theorem theorem3p9:
  fixes N :: "'a set" and v :: "'a set \<Rightarrow> real" and i :: 'a and w :: "'a set \<Rightarrow> real"
  assumes "finite N" and "v {} = 0" and "i \<in> N"
    and "is_component_game N v i w"
  shows "(\<forall>S\<in>Pow N. w S = u_fn N v i S - u_fn N v i {}) \<and>
         u_fn N v i {} =
           - (1 / (real (card N) * 2 ^ card N) *
              (\<Sum>T\<in>Pow (N - {i}).
                 (\<Sum>k = card T + 1..card N. real (card N choose k))
                   / real ((card N - 1) choose card T)
                 * (v (insert i T) - v T)))"
proof
  have w: "w {} = 0"
    "\<And>\<phi>. inner_E N (\<lambda>e. grad_i i v e - grad w e) (grad \<phi>) = 0"
    using assms(4) unfolding is_component_game_def is_proj_range_d_def by auto
  show "\<forall>S\<in>Pow N. w S = u_fn N v i S - u_fn N v i {}"
  proof
    fix S assume "S \<in> Pow N"
    then have "w S - u_fn N v i S = w {} - u_fn N v i {}"
      using orthogonal_residuals_imp_diff_const[of N "grad_i i v" w "u_fn N v i" S]
        assms(1) w(2) u_fn_residual_orthogonal[OF assms(1,3)] by blast
    then show "w S = u_fn N v i S - u_fn N v i {}" using w(1) by simp
  qed
next
  have "symdiff {} T = T" for T :: "'a set" unfolding symdiff_def by simp
  then show "u_fn N v i {} =
           - (1 / (real (card N) * 2 ^ card N) *
              (\<Sum>T\<in>Pow (N - {i}).
                 (\<Sum>k = card T + 1..card N. real (card N choose k))
                   / real ((card N - 1) choose card T)
                 * (v (insert i T) - v T)))"
    unfolding u_fn_def u_top_def by simp
qed

end
lemma mono_if_mono_on_flips:
  fixes F :: "bool list \<Rightarrow> 'a::preorder"
  assumes flip: "\<And>bs i. length bs = n \<Longrightarrow> i < n \<Longrightarrow> \<not> bs ! i \<Longrightarrow> F bs \<le> F (bs[i := True])"
  shows "length xs = n \<Longrightarrow> length ys = n \<Longrightarrow> (\<forall>i<n. xs ! i \<longrightarrow> ys ! i) \<Longrightarrow> F xs \<le> F ys"
proof (induction "card {i. i < n \<and> xs ! i \<noteq> ys ! i}" arbitrary: xs)
  case 0
  then have "xs = ys"
    by (intro nth_equalityI) auto
  then show ?case by simp
next
  case (Suc m)
  then obtain i where i: "i < n" "xs ! i \<noteq> ys ! i"
    by (metis (mono_tags, lifting) card.empty empty_Collect_eq nat.distinct(1))
  then have xi: "\<not> xs ! i" "ys ! i"
    using Suc.prems by auto
  let ?xs = "xs[i := True]"
  have "{j. j < n \<and> ?xs ! j \<noteq> ys ! j} = {j. j < n \<and> xs ! j \<noteq> ys ! j} - {i}"
    using i xi Suc.prems by (auto simp: nth_list_update)
  then have "card {j. j < n \<and> ?xs ! j \<noteq> ys ! j} = m"
    using Suc.hyps(2) i by simp
  moreover have "\<forall>j<n. ?xs ! j \<longrightarrow> ys ! j"
    using Suc.prems xi i by (auto simp: nth_list_update)
  ultimately have "F ?xs \<le> F ys"
    using Suc.hyps(1)[of ?xs] Suc.prems by simp
  moreover have "F xs \<le> F ?xs"
    using flip[of xs i] Suc.prems i xi by simp
  ultimately show ?case
    using order_trans by blast
qed

definition height :: "chain \<Rightarrow> (nat \<Rightarrow> bool) \<Rightarrow> nat" where
  "height c x = (case c of (a0, a1, a2, a3) \<Rightarrow>
     of_bool (a0 x) + of_bool (a1 x) + of_bool (a2 x) + of_bool (a3 x))"

lemma height_le_4: "height c x \<le> 4"
  by (cases c) (simp add: height_def)

lemma chains4_memD:
  "(a0, a1, a2, a3) \<in> chains4 X \<Longrightarrow> a0 \<in> X \<and> a1 \<in> X \<and> a2 \<in> X \<and> a3 \<in> X \<and> a0 \<le> a1 \<and> a1 \<le> a2 \<and> a2 \<le> a3"
  by (simp add: chains4_def)

lemma height_sigma_list:
  assumes c: "c \<in> chains4 (Phi 6 sigma6)" and bs: "length bs = 6"
  shows "height c (vec6 (sigma_list bs)) = height c (vec6 bs)"
proof -
  obtain a0 a1 a2 a3 where ca: "c = (a0, a1, a2, a3)"
    by (cases c) auto
  with c have "a0 \<in> Phi 6 sigma6" "a1 \<in> Phi 6 sigma6" "a2 \<in> Phi 6 sigma6" "a3 \<in> Phi 6 sigma6"
    by (simp_all add: chains4_def)
  then show ?thesis
    by (simp add: height_def ca vec6_sigma_list[OF bs] Phi_invariant)
qed

lemma height_canonical:
  assumes c: "c \<in> chains4 (Phi 6 sigma6)" and bs: "length bs = 6"
  shows "height c (vec6 (canonical bs)) = height c (vec6 bs)"
proof -
  have "length (sigma_list cs) = 6" for cs
    by (simp add: sigma_list_def)
  then show ?thesis
    using canonical_in_orbit[of bs] bs height_sigma_list[OF c] by (auto simp: length_eq_6_iff)
qed

lemma height_flip:
  assumes c: "c \<in> chains4 (Phi 6 sigma6)"
  shows "height c (vec6 bs) \<le> height c (vec6 (bs[i := True]))"
proof -
  obtain a0 a1 a2 a3 where ca: "c = (a0, a1, a2, a3)"
    by (cases c) auto
  have "a (vec6 bs) \<Longrightarrow> a (vec6 (bs[i := True]))" if "a \<in> Phi 6 sigma6" for a
    using that D_monoD[OF _ vec6_in_cube vec6_in_cube vec6_le_update] by (auto simp: Phi_def)
  with c show ?thesis
    by (auto simp: height_def ca chains4_def intro!: add_mono)
qed

definition height_block :: "chain \<Rightarrow> nat \<Rightarrow> block" where
  "height_block c k = (height c (vec6 ([False, False] @ orbit_rep k)), height c (vec6 ([True, False] @ orbit_rep k)),
     height c (vec6 ([False, True] @ orbit_rep k)), height c (vec6 ([True, True] @ orbit_rep k)))"

definition labelling_of :: "chain \<Rightarrow> labelling" where
  "labelling_of c = (height_block c 0, height_block c 1, height_block c 2, height_block c 3,
     height_block c 4, height_block c 5)"

lemma label_value_labelling_of_canonical:
  assumes "length bs = 6"
  shows "label_value (labelling_of c) bs = height c (vec6 (canonical bs))"
proof -
  obtain b0 b1 b2 b3 b4 b5 where bs: "bs = [b0, b1, b2, b3, b4, b5]"
    using assms by (rule length6_cases)
  show ?thesis unfolding bs
    by (cases b0; cases b1; cases b2; cases b3; cases b4; cases b5)
       (simp_all add: label_value_def canonical_def labelling_of_def height_block_def)
qed

lemma label_value_labelling_of:
  "c \<in> chains4 (Phi 6 sigma6) \<Longrightarrow> length bs = 6 \<Longrightarrow> label_value (labelling_of c) bs = height c (vec6 bs)"
  by (simp add: label_value_labelling_of_canonical height_canonical)

lemma labelling_of_in_block_labellings:
  assumes c: "c \<in> chains4 (Phi 6 sigma6)"
  shows "labelling_of c \<in> block_labellings"
proof -
  obtain a0 b0 c0 d0 a1 b1 c1 d1 a2 b2 c2 d2 a3 b3 c3 d3 a4 b4 c4 d4 a5 b5 c5 d5
    where v: "labelling_of c = ((a0, b0, c0, d0), (a1, b1, c1, d1), (a2, b2, c2, d2), (a3, b3, c3, d3),
      (a4, b4, c4, d4), (a5, b5, c5, d5))"
    by (rule labelling_exhaust)
  have "covering_monotone (labelling_of c)"
    using height_flip[OF c] label_value_labelling_of[OF c] by (simp add: covering_monotone_iff)
  moreover have "c0 = b0" "c5 = b5"
    using v height_sigma_list[OF c, of "[True, False] @ orbit_rep 0"] height_sigma_list[OF c, of "[True, False] @ orbit_rep 5"]
    by (auto simp: labelling_of_def height_block_def sigma_list_def orbit_rep_def)
  moreover have "d5 \<le> 4"
    using v height_le_4[of c "vec6 ([True, True] @ orbit_rep 5)"]
    by (simp add: labelling_of_def height_block_def)
  ultimately show ?thesis
    unfolding v by (simp add: mem_block_labellings_iff_ordered covering_monotone_iff_ordered)
qed

definition level :: "labelling \<Rightarrow> nat \<Rightarrow> boolfun" where
  "level v t = (\<lambda>x. x \<in> cube 6 \<and> t \<le> label_value v (list6 x))"

definition chain_of_labelling :: "labelling \<Rightarrow> chain" where
  "chain_of_labelling v = (level v 4, level v 3, level v 2, level v 1)"

lemma block_labellings_memD:
  assumes "v \<in> block_labellings"
  shows "covering_monotone v" "length bs = 6 \<Longrightarrow> label_value v (sigma_list bs) = label_value v bs"
proof -
  obtain a0 b0 c0 d0 a1 b1 c1 d1 a2 b2 c2 d2 a3 b3 c3 d3 a4 b4 c4 d4 a5 b5 c5 d5
    where v: "v = ((a0, b0, c0, d0), (a1, b1, c1, d1), (a2, b2, c2, d2), (a3, b3, c3, d3),
      (a4, b4, c4, d4), (a5, b5, c5, d5))"
    by (rule labelling_exhaust)
  with assms have "labelling_ordered v" "c0 = b0" "c5 = b5"
    by (simp_all add: mem_block_labellings_iff_ordered)
  then show "covering_monotone v"
    unfolding v by (simp add: covering_monotone_iff_ordered)
  show "label_value v (sigma_list bs) = label_value v bs" if "length bs = 6"
    using label_value_sigma_list[OF \<open>c0 = b0\<close> \<open>c5 = b5\<close>] that
    unfolding v by (simp add: length_eq_6_iff)
qed

lemma label_value_mono:
  assumes v: "v \<in> block_labellings" and "x \<le> y"
  shows "label_value v (list6 x) \<le> label_value v (list6 y)"
proof (rule mono_if_mono_on_flips[where n = 6])
  show "label_value v bs \<le> label_value v (bs[i := True])" if "length bs = 6" "i < 6" "\<not> bs ! i" for bs i
    using block_labellings_memD(1)[OF v] that by (simp add: covering_monotone_iff)
  show "\<forall>i<6. list6 x ! i \<longrightarrow> list6 y ! i"
    using \<open>x \<le> y\<close> by (auto simp: nth_list6 le_fun_def)
qed simp_all

lemma level_in_Phi:
  assumes v: "v \<in> block_labellings"
  shows "level v t \<in> Phi 6 sigma6"
proof (rule Phi_memI)
  show "level v t \<in> D 6"
    using label_value_mono[OF v] by (intro D_memI) (auto simp: level_def intro: order_trans)
  show "level v t (x \<circ> sigma6) = level v t x" for x
    by (simp add: level_def cube6_comp_sigma6 list6_comp_sigma6 block_labellings_memD(2)[OF v])
qed

lemma chain_of_labelling_in_chains4:
  assumes "v \<in> block_labellings"
  shows "chain_of_labelling v \<in> chains4 (Phi 6 sigma6)"
proof -
  have "level v 4 \<le> level v 3" "level v 3 \<le> level v 2" "level v 2 \<le> level v 1"
    by (auto simp: level_def le_fun_def)
  then show ?thesis
    using level_in_Phi[OF assms] by (simp add: chain_of_labelling_def chains4_def)
qed

lemma height_chain_of_labelling:
  assumes "v \<in> block_labellings" "length bs = 6"
  shows "height (chain_of_labelling v) (vec6 bs) = label_value v bs"
  using label_value_le_4[OF assms(1), of bs]
  by (auto simp: height_def chain_of_labelling_def level_def vec6_in_cube list6_vec6[OF assms(2)])

lemma labelling_of_chain_of_labelling:
  assumes v: "v \<in> block_labellings"
  shows "labelling_of (chain_of_labelling v) = v"
proof -
  obtain a0 b0 c0 d0 a1 b1 c1 d1 a2 b2 c2 d2 a3 b3 c3 d3 a4 b4 c4 d4 a5 b5 c5 d5
    where ve: "v = ((a0, b0, c0, d0), (a1, b1, c1, d1), (a2, b2, c2, d2), (a3, b3, c3, d3),
      (a4, b4, c4, d4), (a5, b5, c5, d5))"
    by (rule labelling_exhaust)
  have "length ([y1, y2] @ orbit_rep k) = 6" if "k \<le> 5" for y1 y2 k
    using that by (auto simp: orbit_rep_def le_Suc_eq numeral_eq_Suc)
  then have "height (chain_of_labelling v) (vec6 ([y1, y2] @ orbit_rep k)) = label_value v ([y1, y2] @ orbit_rep k)"
    if "k \<le> 5" for y1 y2 k
    using height_chain_of_labelling[OF v] that by blast
  then show ?thesis
    unfolding labelling_of_def height_block_def
    by (simp del: append_Cons append_Nil) (simp add: ve label_value_def orbit_rep_def)
qed

lemma chain_member_iff_height:
  assumes c: "(a0, a1, a2, a3) \<in> chains4 (Phi 6 sigma6)"
  shows "a0 x \<longleftrightarrow> x \<in> cube 6 \<and> 4 \<le> height (a0, a1, a2, a3) x"
    and "a1 x \<longleftrightarrow> x \<in> cube 6 \<and> 3 \<le> height (a0, a1, a2, a3) x"
    and "a2 x \<longleftrightarrow> x \<in> cube 6 \<and> 2 \<le> height (a0, a1, a2, a3) x"
    and "a3 x \<longleftrightarrow> x \<in> cube 6 \<and> 1 \<le> height (a0, a1, a2, a3) x"
proof -
  note members = chains4_memD[OF c]
  have "a0 \<in> D 6" "a1 \<in> D 6" "a2 \<in> D 6" "a3 \<in> D 6"
    using members by (simp_all add: Phi_def)
  then have "x \<notin> cube 6 \<Longrightarrow> \<not> a0 x \<and> \<not> a1 x \<and> \<not> a2 x \<and> \<not> a3 x"
    using D_outside by blast
  moreover have "a0 x \<Longrightarrow> a1 x" "a1 x \<Longrightarrow> a2 x" "a2 x \<Longrightarrow> a3 x"
    using members by (auto simp: le_fun_def)
  ultimately show "a0 x \<longleftrightarrow> x \<in> cube 6 \<and> 4 \<le> height (a0, a1, a2, a3) x"
    and "a1 x \<longleftrightarrow> x \<in> cube 6 \<and> 3 \<le> height (a0, a1, a2, a3) x"
    and "a2 x \<longleftrightarrow> x \<in> cube 6 \<and> 2 \<le> height (a0, a1, a2, a3) x"
    and "a3 x \<longleftrightarrow> x \<in> cube 6 \<and> 1 \<le> height (a0, a1, a2, a3) x"
    by (auto simp: height_def)
qed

*Task requirements:*
Print, please, the lines from the first line of the material through the line that contains "w(1) by simp", exactly as written and with nothing added.

*Solved exercise:*
theorem theorem3p9:
  fixes N :: "'a set" and v :: "'a set \<Rightarrow> real" and i :: 'a and w :: "'a set \<Rightarrow> real"
  assumes "finite N" and "v {} = 0" and "i \<in> N"
    and "is_component_game N v i w"
  shows "(\<forall>S\<in>Pow N. w S = u_fn N v i S - u_fn N v i {}) \<and>
         u_fn N v i {} =
           - (1 / (real (card N) * 2 ^ card N) *
              (\<Sum>T\<in>Pow (N - {i}).
                 (\<Sum>k = card T + 1..card N. real (card N choose k))
                   / real ((card N - 1) choose card T)
                 * (v (insert i T) - v T)))"
proof
  have w: "w {} = 0"
    "\<And>\<phi>. inner_E N (\<lambda>e. grad_i i v e - grad w e) (grad \<phi>) = 0"
    using assms(4) unfolding is_component_game_def is_proj_range_d_def by auto
  show "\<forall>S\<in>Pow N. w S = u_fn N v i S - u_fn N v i {}"
  proof
    fix S assume "S \<in> Pow N"
    then have "w S - u_fn N v i S = w {} - u_fn N v i {}"
      using orthogonal_residuals_imp_diff_const[of N "grad_i i v" w "u_fn N v i" S]
        assms(1) w(2) u_fn_residual_orthogonal[OF assms(1,3)] by blast
    then show "w S = u_fn N v i S - u_fn N v i {}" using w(1) by simp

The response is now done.